The voyage started the evening before at Toller’s Marina with five of us, taking a break for the week end, quickly loading gear and bait aboard the Carowee for a departure time of 7 PM for a trip to the Gulf Stream. Our plan was to sail overnight and put our lines in at dawn about 50 miles offshore and come about at noon to arrive back at the dock following night.

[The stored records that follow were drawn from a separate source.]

lemma pw_below_threshold:
  assumes "pw e (x + 1) < \<alpha> * 2 powr (- real m)" "0 \<le> e" "e \<le> 1"
  shows "2 ^ m * pw e x \<le> 2 * \<alpha>"
proof -
  have m: "2 ^ m * 2 powr (- real m) = (1::real)"
    by (simp add: powr_minus powr_realpow)
  have "0 < \<alpha> * 2 powr (- real m)" using assms(1) pw_nonneg[of e "x + 1"] by linarith
  then have "0 < \<alpha>" using zero_less_mult_pos2 by fastforce
  have "2 ^ m * pw e x = 2 powr e * (2 ^ m * pw e (x + 1))" by (simp add: pw_plus_one)
  also have "\<dots> \<le> 2 powr e * \<alpha>"
    using assms(1) mult_strict_left_mono[OF assms(1), of "2 ^ m"] m
    by (intro mult_left_mono) (auto simp: mult.assoc mult.left_commute)
  also have "\<dots> \<le> 2 * \<alpha>"
    using \<open>0 < \<alpha>\<close> assms powr_mono[of e 1 2] by (intro mult_right_mono) auto
  finally show ?thesis .
qed

lemma real_card_Diff_eq_complements:
  assumes "finite I" "L \<subseteq> I" "L' \<subseteq> I"
  shows "real (card (L - L')) = real (card (I - L')) - real (card (I - L)) + real (card (L' - L))"
proof -
  have fin: "finite L" "finite L'" using assms finite_subset by auto
  have "card L = card (L \<inter> L') + card (L - L')" "card L' = card (L \<inter> L') + card (L' - L)"
    using card_Int_Diff[OF fin(1), of L'] card_Int_Diff[OF fin(2), of L] by (simp_all add: Int_commute)
  moreover have "card L \<le> card I" "card L' \<le> card I" using assms by (simp_all add: card_mono)
  ultimately show ?thesis using assms fin by (simp add: card_Diff_subset of_nat_diff)
qed

lemma divide_mem_atLeastAtMost_iff:
  fixes K S a b :: real
  assumes "K > 0"
  shows "S / K \<in> {a..b} \<longleftrightarrow> a * K \<le> S \<and> S \<le> b * K"
  using assms by (auto simp: field_simps)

I raised the rod tip and tightened the drag on the reel. There was a long drop back due to the height of the kite and the fish had taken the bait, the hook was set. The fish made one leap out of the water, it was a blue marlin, it was big, and I was not ready. The marlin went straight down, peeling the 50 lb line off the reel, while the other guys were dropping the sails and starting the engine to try to keep up with the marlin. In our haste to leave the dock, we forgot to load the fishing harness and gaffs. I sat on a boat cushion with the butt of the rod resting between my legs. I reeled in sixty yards of line and the marlin took eighty yards back for over two hours, while the helmsman kept the stern of the boat pointed toward the marlin with little or no headway. At this point someone spotted a container ship heading directly for us about five miles away. What to do? We could not move the marlin nor did we have enough line on the reel to move the boat out of the way and keep the marlin on. As the ship approached, I decided to cut the line and move the boat. Just before the line was cut the ship turned enough to steer around us. Just as the ship passed by the marlin broke the surface and jumped in the wake of the ship. We could see crewmen on the bridge wing pointing to the marlin as the ship passed. Both the marlin and I were spent, but I finely pulled the marlin alongside the boat. With no gaff aboard, one guy held the bill, another put a line around the marlin’s tail and used the main sail winch to pull the marlin aboard. At the time it was the first reported marlin, (266 lbs) caught from a sail boat in SC.